lemma kball_seq_compact_any: "kball_seq_compact a R"
  unfolding kball_seq_compact_def
proof (intro allI impI)
  fix s :: "nat \<Rightarrow> 'k"
  assume s: "\<forall>n. a (s n) \<le> R"
  obtain r where r: "0 < r" "kball_seq_compact a r"
    using local_field unfolding local_field_def by blast
  obtain c where c: "c \<noteq> 0" "a c * R \<le> r"
    using exists_absv_scaling[OF r(1)] by blast
  have "\<forall>n. a (c * s n) \<le> r"
  proof
    fix n
    have "a c * a (s n) \<le> a c * R"
      using s by (simp add: mult_left_mono)
    then show "a (c * s n) \<le> r"
      using c(2) by (simp add: absv_mult)
  qed
  then obtain h l where h: "strict_mono h" and lim: "(\<lambda>n. a (c * s (h n) - l)) \<longlonglongrightarrow> 0"
    using r(2)[unfolded kball_seq_compact_def, THEN spec[of _ "\<lambda>n. c * s n"]] by auto
  have "a (s (h n) - l / c) = a (c * s (h n) - l) / a c" for n
  proof -
    have "s (h n) - l / c = (c * s (h n) - l) / c"
      using c(1) by (simp add: field_simps)
    then show ?thesis
      by (simp add: absv_divide)
  qed
  then have lim': "(\<lambda>n. a (s (h n) - l / c)) \<longlonglongrightarrow> 0"
    using tendsto_divide_zero[OF lim] by simp
  moreover have "a (l / c) \<le> R"
    using absv_le_if_tendsto[OF _ lim'] s by blast
  ultimately show "\<exists>h l. strict_mono h \<and> a l \<le> R \<and> (\<lambda>n. a (s (h n) - l)) \<longlonglongrightarrow> 0"
    using h by blast
qed

lemma finite_net:
  assumes "0 < e"
  shows "\<exists>L. finite L \<and> (\<forall>x. a x \<le> R \<longrightarrow> (\<exists>y\<in>L. a (x - y) < e))"
proof -
  interpret Ms: Metric_space UNIV "\<lambda>x y. a (x - y)"
    by (rule metric_space_absv)
  let ?B = "{x. a x \<le> R}"
  have "compactin Ms.mtopology ?B"
    unfolding Ms.compactin_sequentially
  proof (intro conjI allI impI)
    fix s :: "nat \<Rightarrow> 'k"
    assume "range s \<subseteq> ?B"
    then obtain h l where "strict_mono h" "a l \<le> R" "(\<lambda>n. a (s (h n) - l)) \<longlonglongrightarrow> 0"
      using kball_seq_compact_any unfolding kball_seq_compact_def by blast
    then show "\<exists>l h. l \<in> ?B \<and> strict_mono h \<and> limitin Ms.mtopology (s \<circ> h) l sequentially"
      unfolding Ms.limitin_metric_dist_null by (auto simp: o_def)
  qed simp
  then have "Ms.mtotally_bounded ?B"
    by (rule Ms.compactin_imp_mtotally_bounded)
  then obtain L where L: "finite L" "?B \<subseteq> (\<Union>y\<in>L. Ms.mball y e)"
    using assms unfolding Ms.mtotally_bounded_def by blast
  show ?thesis
  proof (intro exI[of _ L] conjI allI impI)
    fix x
    assume "a x \<le> R"
    then obtain y where "y \<in> L" "a (y - x) < e"
      using L(2) unfolding Ms.mball_def by blast
    then show "\<exists>y\<in>L. a (x - y) < e"
      by (metis absv_diff_commute)
  qed (fact L(1))
qed

lemma exists_limit_with_rate:
  fixes c :: "nat \<Rightarrow> 'k"
  assumes bound: "\<And>n. a (c n) \<le> R" and cauchy: "\<And>k j. k \<le> j \<Longrightarrow> a (c j - c k) \<le> \<rho> k"
  shows "\<exists>l. \<forall>k. a (c k - l) \<le> \<rho> k"
proof -
  obtain h l where h: "strict_mono h" and lim: "(\<lambda>n. a (c (h n) - l)) \<longlonglongrightarrow> 0"
    using kball_seq_compact_any bound unfolding kball_seq_compact_def by blast
  have "a (c k - l) \<le> \<rho> k" for k
  proof (rule ccontr)
    assume "\<not> a (c k - l) \<le> \<rho> k"
    moreover have "0 \<le> \<rho> k"
      using cauchy[of k k] by simp
    ultimately have "eventually (\<lambda>n. a (c (h n) - l) < a (c k - l)) sequentially"
      using order_tendstoD(2)[OF lim] by simp
    then obtain N where N: "\<And>n. N \<le> n \<Longrightarrow> a (c (h n) - l) < a (c k - l)"
      unfolding eventually_sequentially by blast
    define n where "n = max N k"
    have n: "k \<le> n" "a (c (h n) - l) < a (c k - l)"
      using N[of n] unfolding n_def by auto
    have "a (c k - c (h n)) \<le> \<rho> k"
      using cauchy[of k "h n"] seq_suble[OF h, of n] n(1) by (simp add: absv_diff_commute)
    with n(2) \<open>\<not> a (c k - l) \<le> \<rho> k\<close> show False
      using absv_diff_triangle[of "c k" l "c (h n)"] by linarith
  qed
  then show ?thesis
    by blast
qed

lemma countable_dense_subset: "\<exists>D. countable D \<and> (\<forall>x e. 0 < e \<longrightarrow> (\<exists>d\<in>D. a (x - d) < e))"
proof -
  define L where "L R m = (SOME L. finite L \<and> (\<forall>x. a x \<le> real R \<longrightarrow> (\<exists>y\<in>L. a (x - y) < 1 / Suc m)))"
    for R m :: nat
  have L: "finite (L R m) \<and> (\<forall>x. a x \<le> real R \<longrightarrow> (\<exists>y\<in>L R m. a (x - y) < 1 / Suc m))" for R m
    unfolding L_def by (rule someI_ex) (rule finite_net, simp)
  have "\<exists>d\<in>(\<Union>R m. L R m). a (x - d) < e" if "0 < e" for x e
  proof -
    obtain m where m: "1 / real (Suc m) < e"
      using \<open>0 < e\<close> by (metis nat_approx_posE of_nat_Suc)
    obtain R :: nat where "a x \<le> real R"
      using real_nat_ceiling_ge by blast
    then obtain y where "y \<in> L R m" "a (x - y) < 1 / Suc m"
      using L by blast
    with m show ?thesis
      by (intro bexI[of _ y]) auto
  qed
  moreover have "countable (\<Union>R m. L R m)"
    using L by (intro countable_UN countableI_type) (simp add: countable_finite)
  ultimately show ?thesis
    by blast
qed
(* Let $\mathcal{B}=\{B_j:j\in\mathbb{N}_0\}$ be a correlation basis, let $X,Y$ be continuous random variables and, for $N\in\mathbb{N}$, let $P_N^B=(\rho^B_{jk}(X,Y))_{j,k\in\{1,\dots,N\}}$. Then for every $N\in\mathbb{N}$ the matrices $I_N\pm(P_N^B+(P_N^B)^\top)/2$ are symmetric and positive semi-definite, where $I_N$ is the $N\times N$ identity. If moreover $(U,V)=(F_X(X),F_Y(Y))$ is exchangeable, i.e. $(U,V)\stackrel{d}{=}(V,U)$, then the matrices $I_N\pm P_N^B$ are positive semi-definite.
   Context: A correlation basis is a complete orthonormal system $\{B_j:j\in\mathbb{N}_0\}$ of $\mathcal{L}^2([0,1])$ (with respect to Lebesgue measure) with $B_0\equiv1$. For continuous $X,Y$ with distribution functions $F_X,F_Y$, the basis correlation of order $(j,k)$, $j,k\in\mathbb{N}$, is $\rho^B_{jk}(X,Y)=\rho(B_j(F_X(X)),B_k(F_Y(Y)))$, with $\rho$ Pearson correlation. *)

theory Defs
  imports "HOL-Probability.Probability"
begin

definition correlation_basis :: "(nat \<Rightarrow> real \<Rightarrow> real) \<Rightarrow> bool" where
  "correlation_basis B \<longleftrightarrow>
     (\<forall>j. B j \<in> borel_measurable lborel \<and> set_integrable lborel {0..1} (\<lambda>x. (B j x)\<^sup>2)) \<and>
     (\<forall>j k. (LBINT x:{0..1}. B j x * B k x) = (if j = k then 1 else 0)) \<and>
     (\<forall>f. f \<in> borel_measurable lborel \<longrightarrow> set_integrable lborel {0..1} (\<lambda>x. (f x)\<^sup>2) \<longrightarrow>
          (\<forall>j. (LBINT x:{0..1}. f x * B j x) = 0) \<longrightarrow>
          (AE x in lborel. x \<in> {0..1} \<longrightarrow> f x = 0)) \<and>
     (\<forall>x. B 0 x = 1)"

definition pearson_corr :: "'a measure \<Rightarrow> ('a \<Rightarrow> real) \<Rightarrow> ('a \<Rightarrow> real) \<Rightarrow> real" where
  "pearson_corr M A C =
     (integral\<^sup>L M (\<lambda>w. (A w - integral\<^sup>L M A) * (C w - integral\<^sup>L M C))) /
     sqrt ((integral\<^sup>L M (\<lambda>w. (A w - integral\<^sup>L M A)\<^sup>2)) * (integral\<^sup>L M (\<lambda>w. (C w - integral\<^sup>L M C)\<^sup>2)))"

definition distr_fun :: "'a measure \<Rightarrow> ('a \<Rightarrow> real) \<Rightarrow> real \<Rightarrow> real" where
  "distr_fun M X = cdf (distr M borel X)"

definition basis_corr :: "(nat \<Rightarrow> real \<Rightarrow> real) \<Rightarrow> 'a measure \<Rightarrow> ('a \<Rightarrow> real) \<Rightarrow> ('a \<Rightarrow> real) \<Rightarrow> nat \<Rightarrow> nat \<Rightarrow> real" where
  "basis_corr B M X Y j k =
     pearson_corr M (\<lambda>w. B j (distr_fun M X (X w))) (\<lambda>w. B k (distr_fun M Y (Y w)))"

text \<open>N x N real matrices represented as nat \<Rightarrow> nat \<Rightarrow> real, indices in {1..N}.\<close>
definition mat_symmetric :: "nat \<Rightarrow> (nat \<Rightarrow> nat \<Rightarrow> real) \<Rightarrow> bool" where
  "mat_symmetric N A \<longleftrightarrow> (\<forall>j\<in>{1..N}. \<forall>k\<in>{1..N}. A j k = A k j)"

> [TASK DIRECTIONS] Repeat the records above line by line, from the first line through the line that contains "c = (c * s (h n)".

> [THE COMPLETED TASK]
lemma kball_seq_compact_any: "kball_seq_compact a R"
  unfolding kball_seq_compact_def
proof (intro allI impI)
  fix s :: "nat \<Rightarrow> 'k"
  assume s: "\<forall>n. a (s n) \<le> R"
  obtain r where r: "0 < r" "kball_seq_compact a r"
    using local_field unfolding local_field_def by blast
  obtain c where c: "c \<noteq> 0" "a c * R \<le> r"
    using exists_absv_scaling[OF r(1)] by blast
  have "\<forall>n. a (c * s n) \<le> r"
  proof
    fix n
    have "a c * a (s n) \<le> a c * R"
      using s by (simp add: mult_left_mono)
    then show "a (c * s n) \<le> r"
      using c(2) by (simp add: absv_mult)
  qed
  then obtain h l where h: "strict_mono h" and lim: "(\<lambda>n. a (c * s (h n) - l)) \<longlonglongrightarrow> 0"
    using r(2)[unfolded kball_seq_compact_def, THEN spec[of _ "\<lambda>n. c * s n"]] by auto
  have "a (s (h n) - l / c) = a (c * s (h n) - l) / a c" for n
  proof -
    have "s (h n) - l / c = (c * s (h n) - l) / c"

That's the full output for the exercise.